Triterpenes are widespread in nature, but the richest source of triterpenoid diversity is the plant kingdom. While animals typically possess just one OSC which produces an important intermediate in the biosynthesis of essential metabolites such as cholesterol and the steroid hormones, plant genomes often encode more than 10. This reflects the extent to which plants have exploited triterpene chemistry to fulfil more diverse and specialized roles, including, e.g., producing compounds to protect against insect attack (Figure 1). A major focus in our laboratory is the application of transient plant expression to explore and, increasingly, to manipulate, biosynthesis of this chemical space.
Transient plant expression is a rapid strategy for determining the functions of heterologous genes. The gene(s) of interest are introduced into the plant in expression constructs. The host’s cellular machinery is hijacked and the heterologous gene(s) are expressed, resulting in the production of the encoded protein by the host cells, much like a virus. Indeed, many of the vectors used in transient expression are based on viral genomes. One highly successful example is the CPMV-HT™ system. This vector exploits elements of a natural plant leaf pathogen called cowpea mosaic virus. The gene of interest is flanked by untranslated regions of code derived from this virus. Modifications in the 5′ sequences result in high levels of protein production when the vector is introduced into leaf cells. Indeed, HT stands for HyperTranslatable™.

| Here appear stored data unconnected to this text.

(* Let $\mathbb G=V_1\times V_2$ be a step-two Carnot group of Métivier's type, i.e. for every $x\in V_1\setminus\{0\}$ the map $x'\in V_1\mapsto[x,x']\in V_2$ is surjective. Then $\mathcal A_h(\mathbb G)=\mathcal A(V_1\times V_2)$.
   Context: A step-two Carnot group is $\mathbb G=V_1\times V_2$ ($V_1,V_2$ finite-dimensional real vector spaces, $V_2\ne\{0\}$) with a bilinear skew-symmetric $[\cdot,\cdot]:V_1\times V_1\to V_2$ whose image spans $V_2$, and group law $(x,z)\cdot(x',z')=(x+x',z+z'+[x,x'])$. $\mathcal A_h(\mathbb G)$ is the space of maps $f:\mathbb G\to\mathbb R$ such that for all $(x,z)\in\mathbb G$, $y\in V_1$, $t\mapsto f((x,z)\cdot(ty,0))$ is affine; $\mathcal A(V_1\times V_2)$ is the space of maps affine in the usual sense on $V_1\times V_2$. *)

theory Defs
  imports "HOL-Analysis.Analysis"
begin

definition carnot_mult ::
  "('a::real_vector \<Rightarrow> 'a \<Rightarrow> 'b::real_vector) \<Rightarrow> 'a \<times> 'b \<Rightarrow> 'a \<times> 'b \<Rightarrow> 'a \<times> 'b" where
  "carnot_mult br p q = (fst p + fst q, snd p + snd q + br (fst p) (fst q))"

text \<open>Structure assumptions of a step-two Carnot group (V2 nontrivial is automatic
  for a euclidean_space type).\<close>
definition step_two_bracket ::
  "('a::euclidean_space \<Rightarrow> 'a \<Rightarrow> 'b::euclidean_space) \<Rightarrow> bool" where
  "step_two_bracket br \<longleftrightarrow> bilinear br \<and> (\<forall>x y. br x y = - br y x)
     \<and> span (range (\<lambda>(x, y). br x y)) = UNIV"

definition metivier_type :: "('a::euclidean_space \<Rightarrow> 'a \<Rightarrow> 'b::euclidean_space) \<Rightarrow> bool" where
  "metivier_type br \<longleftrightarrow> (\<forall>x. x \<noteq> 0 \<longrightarrow> surj (br x))"

definition horiz_affine ::
  "('a::euclidean_space \<Rightarrow> 'a \<Rightarrow> 'b::euclidean_space) \<Rightarrow> ('a \<times> 'b \<Rightarrow> real) set" where
  "horiz_affine br = {f. \<forall>p y. \<exists>a b. \<forall>t::real.
      f (carnot_mult br p (t *\<^sub>R y, 0)) = a * t + b}"

definition affine_maps :: "('v::real_vector \<Rightarrow> real) set" where
  "affine_maps = {f. \<exists>l c. linear l \<and> (\<forall>v. f v = l v + c)}"

end

theory Submission
  imports Defs
begin

text \<open>Write f(x, z) = f(x, 0) + V z + M x z, where M x z = f(x, z) - f(x, 0) - f(0, z) + f(0, 0).
  Since every vertical vector is a bracket [b, e] with e fixed, each point of a vertical line is the
  midpoint of a horizontal segment whose endpoints move along horizontal lines; so f is affine on
  vertical lines, V and M x are linear, and horizontal lines then make M linear in x as well.
  On the horizontal line through (x, 0) in direction y, the second difference of f(-, 0) with
  step y equals -2 M y [x, y]. As f(-, 0) is affine on lines through the origin, this second
  difference scales linearly under (x, y) \<mapsto> (2x, 2y), whereas M y [x, y] scales cubically;
  hence M y [x, y] = 0, and M = 0 by the Metivier condition. Then f(-, 0) is affine along every
  line and f is affine.\<close>

definition affine_fn :: "(real \<Rightarrow> real) \<Rightarrow> bool" where
  "affine_fn \<phi> \<longleftrightarrow> (\<exists>a b. \<forall>t. \<phi> t = a * t + b)"

lemma affine_fnD: "affine_fn \<phi> \<Longrightarrow> \<phi> t = \<phi> 0 + t * (\<phi> 1 - \<phi> 0)"
  by (auto simp: affine_fn_def algebra_simps)

lemma affine_fn_midpoint: "affine_fn \<phi> \<Longrightarrow> \<phi> (s - h) + \<phi> (s + h) = 2 * \<phi> s"
  unfolding affine_fn_def by (clarsimp simp: algebra_simps)

lemma affine_fn_linear: "affine_fn (\<lambda>t. c * t)"
  unfolding affine_fn_def by (intro exI[of _ c] exI[of _ 0]) simp

lemma affine_fn_lin_comb:
  assumes "affine_fn \<phi>" and "affine_fn \<psi>"
  shows "affine_fn (\<lambda>t. c * \<phi> t + d * \<psi> t)"
proof -
  from assms obtain a b a' b' where "\<And>t. \<phi> t = a * t + b" "\<And>t. \<psi> t = a' * t + b'"
    unfolding affine_fn_def by metis
  then have "c * \<phi> t + d * \<psi> t = (c * a + d * a') * t + (c * b + d * b')" for t
    by (simp add: algebra_simps)
  then show ?thesis
    unfolding affine_fn_def by blast
qed

lemma affine_fn_diff: "affine_fn \<phi> \<Longrightarrow> affine_fn \<psi> \<Longrightarrow> affine_fn (\<lambda>t. \<phi> t - \<psi> t)"
  using affine_fn_lin_comb[of \<phi> \<psi> 1 "- 1"] by simp

lemma linear_if_affine_fn_on_lines:
  fixes g :: "'v::real_vector \<Rightarrow> real"
  assumes affine: "\<And>p v. affine_fn (\<lambda>t. g (p + t *\<^sub>R v))"
  shows "linear (\<lambda>v. g v - g 0)"
proof (rule linearI)
  have scale: "g (t *\<^sub>R v) - g 0 = t * (g v - g 0)" for t v
    using affine_fnD[OF affine[of 0 v], of t] by simp
  fix u v :: 'v
  have "g (2 *\<^sub>R u + (1 - 1) *\<^sub>R (v - u)) + g (2 *\<^sub>R u + (1 + 1) *\<^sub>R (v - u))
      = 2 * g (2 *\<^sub>R u + 1 *\<^sub>R (v - u))"
    by (rule affine_fn_midpoint[OF affine])
  moreover have "2 *\<^sub>R u + (1 - 1) *\<^sub>R (v - u) = 2 *\<^sub>R u"
    "2 *\<^sub>R u + (1 + 1) *\<^sub>R (v - u) = 2 *\<^sub>R v" "2 *\<^sub>R u + 1 *\<^sub>R (v - u) = u + v"
    by (simp_all add: algebra_simps scaleR_2)
  ultimately have "g (2 *\<^sub>R u) + g (2 *\<^sub>R v) = 2 * g (u + v)"
    by (simp only:)
  with scale[of 2 u] scale[of 2 v]
  show "g (u + v) - g 0 = (g u - g 0) + (g v - g 0)" by simp
  show "g (t *\<^sub>R v) - g 0 = t *\<^sub>R (g v - g 0)" for t
    using scale by simp
qed

lemma carnot_mult_horizontal:
  assumes "bilinear br"
  shows "carnot_mult br (x, z) (t *\<^sub>R y, 0) = (x + t *\<^sub>R y, z + t *\<^sub>R br x y)"
  by (simp add: carnot_mult_def bilinear_rmul[OF assms])

lemma horiz_affine_iff:
  assumes "bilinear br"
  shows "f \<in> horiz_affine br \<longleftrightarrow>
    (\<forall>x z y. affine_fn (\<lambda>t. f (x + t *\<^sub>R y, z + t *\<^sub>R br x y)))"
  by (simp add: horiz_affine_def affine_fn_def carnot_mult_horizontal[OF assms] split_paired_All)

lemma affine_maps_subset_horiz_affine:
  assumes bil: "bilinear br"
  shows "affine_maps \<subseteq> horiz_affine br"
proof
  fix f :: "'a \<times> 'b \<Rightarrow> real"
  assume "f \<in> affine_maps"
  then obtain l c where l: "linear l" and f: "\<And>v. f v = l v + c"
    unfolding affine_maps_def by auto
  have "f (x + t *\<^sub>R y, z + t *\<^sub>R br x y) = l (y, br x y) * t + (l (x, z) + c)" for x z y t
    using linear_add[OF l, of "(x, z)" "t *\<^sub>R (y, br x y)"] linear_scale[OF l, of t "(y, br x y)"]
    by (simp add: f)
  then show "f \<in> horiz_affine br"
    unfolding horiz_affine_iff[OF bil] affine_fn_def by blast
qed

lemma surj_bracket_left:
  assumes "step_two_bracket br" and "metivier_type br" and "y \<noteq> 0"
  shows "surj (\<lambda>x. br x y)"
proof -
  have antisym: "br x y = - br y x" for x
    using assms(1) unfolding step_two_bracket_def by blast
  have "w \<in> range (\<lambda>x. br x y)" for w
  proof -
    from assms(2,3) obtain x where "br y x = - w"
      unfolding metivier_type_def by (metis surjD)
    then show ?thesis
      using antisym[of x] by auto
  qed
  then show ?thesis by blast
qed

locale metivier_horizontally_affine =
  fixes br :: "'a::euclidean_space \<Rightarrow> 'a \<Rightarrow> 'b::real_vector" and f :: "'a \<times> 'b \<Rightarrow> real"
  assumes bilinear: "bilinear br"
    and surj_bracket: "y \<noteq> 0 \<Longrightarrow> surj (\<lambda>x. br x y)"
    and affine_fn_horizontal: "affine_fn (\<lambda>t. f (x + t *\<^sub>R y, z + t *\<^sub>R br x y))"
begin

lemmas bracket_simps = bilinear_ladd[OF bilinear] bilinear_radd[OF bilinear]
  bilinear_lmul[OF bilinear] bilinear_rmul[OF bilinear] bilinear_lneg[OF bilinear]
  bilinear_rneg[OF bilinear] bilinear_lsub[OF bilinear] bilinear_rsub[OF bilinear]
  bilinear_lzero[OF bilinear] bilinear_rzero[OF bilinear]

lemma affine_fn_vertical: "affine_fn (\<lambda>r. f (x, z + r *\<^sub>R w))"
proof -
  obtain e :: 'a where "e \<noteq> 0" using nonzero_Basis nonempty_Basis by blast
  then obtain b where b: "br b e = w" using surj_bracket by (metis surjD)
  define P where "P r = f ((x + b) + r *\<^sub>R e, (z + br x b) + r *\<^sub>R br (x + b) e)" for r
  define Q where "Q r = f ((x - b) + r *\<^sub>R (- e), (z - br x b) + r *\<^sub>R br (x - b) (- e))" for r
  \<comment> \<open>(x, z + r w) is the midpoint of the horizontal segment through it in direction b + r e,
    whose endpoints run along the horizontal lines P and Q.\<close>
  have "Q r + P r = 2 * f (x, z + r *\<^sub>R w)" for r
  proof -
    have "x + (0 - 1) *\<^sub>R (b + r *\<^sub>R e) = (x - b) + r *\<^sub>R (- e)"
      "x + (0 + 1) *\<^sub>R (b + r *\<^sub>R e) = (x + b) + r *\<^sub>R e"
      "x + 0 *\<^sub>R (b + r *\<^sub>R e) = x"
      by (simp_all add: algebra_simps)
    moreover have "(z + r *\<^sub>R w) + (0 - 1) *\<^sub>R br x (b + r *\<^sub>R e)
        = (z - br x b) + r *\<^sub>R br (x - b) (- e)"
      "(z + r *\<^sub>R w) + (0 + 1) *\<^sub>R br x (b + r *\<^sub>R e)
        = (z + br x b) + r *\<^sub>R br (x + b) e"
      "(z + r *\<^sub>R w) + 0 *\<^sub>R br x (b + r *\<^sub>R e) = z + r *\<^sub>R w"
      by (simp_all add: bracket_simps b algebra_simps)
    ultimately show ?thesis
      using affine_fn_midpoint[OF affine_fn_horizontal[of x "b + r *\<^sub>R e" "z + r *\<^sub>R w"], of 0 1]
      unfolding P_def Q_def by (simp only:)
  qed
  then have "(\<lambda>r. f (x, z + r *\<^sub>R w)) = (\<lambda>r. 1/2 * Q r + 1/2 * P r)"
    by (intro ext) (simp add: field_simps)
  moreover have "affine_fn P" "affine_fn Q"
    unfolding P_def Q_def by (rule affine_fn_horizontal)+
  ultimately show ?thesis
    by (simp only: affine_fn_lin_comb)
qed

lemma linear_vertical: "linear (\<lambda>z. f (x, z) - f (x, 0))"
  using linear_if_affine_fn_on_lines[of "\<lambda>z. f (x, z)"] affine_fn_vertical by simp

definition mixed :: "'a \<Rightarrow> 'b \<Rightarrow> real" where
  "mixed x z = f (x, z) - f (x, 0) - f (0, z) + f (0, 0)"

lemma f_decomp: "f (x, z) = f (x, 0) + (f (0, z) - f (0, 0)) + mixed x z"
  by (simp add: mixed_def)

lemma linear_mixed_right: "linear (mixed x)"
proof -
  have "linear (\<lambda>z. (f (x, z) - f (x, 0)) - (f (0, z) - f (0, 0)))"
    using linear_vertical linear_compose_sub by blast
  then show ?thesis by (simp add: mixed_def[abs_def] algebra_simps)
qed

lemma linear_mixed_left: "linear (\<lambda>x. mixed x z)"
proof -
  have "affine_fn (\<lambda>r. f (x + r *\<^sub>R y, z) - f (x + r *\<^sub>R y, 0))" for x y
  proof -
    have "f (x + r *\<^sub>R y, z) - f (x + r *\<^sub>R y, 0)
      = f (x + r *\<^sub>R y, z + r *\<^sub>R br x y) - f (x + r *\<^sub>R y, 0 + r *\<^sub>R br x y)" for r
      using linear_add[OF linear_vertical[of "x + r *\<^sub>R y"], of z "r *\<^sub>R br x y"] by simp
    then show ?thesis
      using affine_fn_diff[OF affine_fn_horizontal[of x y z] affine_fn_horizontal[of x y 0]] by simp
  qed
  from linear_if_affine_fn_on_lines[OF this] show ?thesis
    by (simp add: mixed_def algebra_simps)
qed

lemma bilinear_mixed: "bilinear mixed"
  using linear_mixed_left linear_mixed_right by (simp add: bilinear_def)

lemma f_scale_base: "f (t *\<^sub>R y, 0) = f (0, 0) + t * (f (y, 0) - f (0, 0))"
  using affine_fnD[OF affine_fn_horizontal[of 0 y 0]] by (simp add: bracket_simps)

lemma second_difference_base:
  "f (x - y, 0) + f (x + y, 0) - 2 * f (x, 0) = - 2 * mixed y (br x y)"
proof -
  have "f (x - y, - br x y) + f (x + y, br x y) = 2 * f (x, 0)"
    using affine_fn_midpoint[OF affine_fn_horizontal[of x y 0], of 0 1] by simp
  moreover have "mixed (x + y) (br x y) - mixed (x - y) (br x y) = 2 * mixed y (br x y)"
    by (simp add: bilinear_ladd[OF bilinear_mixed] bilinear_lsub[OF bilinear_mixed])
  ultimately show ?thesis
    using f_decomp[of "x - y" "- br x y"] f_decomp[of "x + y" "br x y"]
      linear_neg[OF linear_vertical[of 0], of "br x y"]
      bilinear_rneg[OF bilinear_mixed, of "x - y" "br x y"]
    by simp
qed

lemma mixed_bracket_eq_0: "mixed y (br x y) = 0"
proof -
  have "mixed (2 *\<^sub>R y) (br (2 *\<^sub>R x) (2 *\<^sub>R y)) = 8 * mixed y (br x y)"
    by (simp add: bracket_simps bilinear_lmul[OF bilinear_mixed] bilinear_rmul[OF bilinear_mixed])
  moreover have "f (2 *\<^sub>R x - 2 *\<^sub>R y, 0) = 2 * f (x - y, 0) - f (0, 0)"
    "f (2 *\<^sub>R x + 2 *\<^sub>R y, 0) = 2 * f (x + y, 0) - f (0, 0)"
    "f (2 *\<^sub>R x, 0) = 2 * f (x, 0) - f (0, 0)"
    using f_scale_base[of 2 "x - y"] f_scale_base[of 2 "x + y"] f_scale_base[of 2 x]
    by (simp_all add: scaleR_diff_right scaleR_add_right)
  ultimately have "2 * (f (x - y, 0) + f (x + y, 0) - 2 * f (x, 0)) = - 16 * mixed y (br x y)"
    using second_difference_base[of "2 *\<^sub>R x" "2 *\<^sub>R y"] by simp
  with second_difference_base[of x y] show ?thesis by simp
qed

lemma mixed_eq_0: "mixed y z = 0"
proof (cases "y = 0")
  case True
  then show ?thesis by (simp add: mixed_def)
next
  case False
  then obtain x where "z = br x y" using surj_bracket by (metis surjD)
  then show ?thesis by (simp add: mixed_bracket_eq_0)
qed

lemma affine_fn_base: "affine_fn (\<lambda>t. f (x + t *\<^sub>R y, 0))"
proof -
  have "f (x + t *\<^sub>R y, 0)
      = f (x + t *\<^sub>R y, 0 + t *\<^sub>R br x y) - (f (0, br x y) - f (0, 0)) * t" for t
    using f_decomp[of "x + t *\<^sub>R y" "t *\<^sub>R br x y"] linear_scale[OF linear_vertical[of 0]]
    by (simp add: mixed_eq_0 algebra_simps)
  then show ?thesis
    using affine_fn_diff[OF affine_fn_horizontal[of x y 0] affine_fn_linear] by simp
qed

lemma in_affine_maps: "f \<in> affine_maps"
proof -
  have "linear (\<lambda>x. f (x, 0) - f (0, 0))"
    using linear_if_affine_fn_on_lines[of "\<lambda>x. f (x, 0)"] affine_fn_base by simp
  then have "linear (\<lambda>p. (f (fst p, 0) - f (0, 0)) + (f (0, snd p) - f (0, 0)))"
    using linear_compose[OF linear_fst] linear_compose[OF linear_snd] linear_vertical[of 0]
    by (intro linear_compose_add) (auto simp: o_def)
  moreover have "f p = (f (fst p, 0) - f (0, 0)) + (f (0, snd p) - f (0, 0)) + f (0, 0)" for p
    using f_decomp[of "fst p" "snd p"] by (simp add: mixed_eq_0)
  ultimately show ?thesis
    unfolding affine_maps_def by blast
qed

end

theorem proposition6p1:
  fixes br :: "'a::euclidean_space \<Rightarrow> 'a \<Rightarrow> 'b::euclidean_space"
  assumes "step_two_bracket br"
    and "metivier_type br"
  shows "horiz_affine br = (affine_maps :: ('a \<times> 'b \<Rightarrow> real) set)"
proof
  have bil: "bilinear br"
    using assms(1) unfolding step_two_bracket_def by blast
  show "affine_maps \<subseteq> horiz_affine br"
    using affine_maps_subset_horiz_affine[OF bil] .
  show "horiz_affine br \<subseteq> affine_maps"
  proof
    fix f :: "'a \<times> 'b \<Rightarrow> real"
    assume "f \<in> horiz_affine br"
    then interpret metivier_horizontally_affine br f
      using bil surj_bracket_left[OF assms] by unfold_locales (simp_all add: horiz_affine_iff)
    show "f \<in> affine_maps" by (rule in_affine_maps)
  qed
qed

end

Unlike the virus, the CPMV-HT™ vector does not replicate or encode proteins that allow new copies to gain entry to neighbouring cells. Instead, the vector is introduced into leaf cells via agrobacteria following a process known as agroinfiltration. In this process, a suspension of the bacteria carrying the vector is forced through small holes in the underside of the leaf known as stomata. This is typically achieved via the application of pressure using a needle-less syringe, with the mouth forming a seal on the leaf’s surface. The result is to displace air and fill the intercellular space with the suspension. Once inside the leaf, the agrobacteria fulfil their natural function and transfer genetic information into the interior of the leaf cells, including the T-DNA from the introduced CPMV-HT™ vector (Figure 2).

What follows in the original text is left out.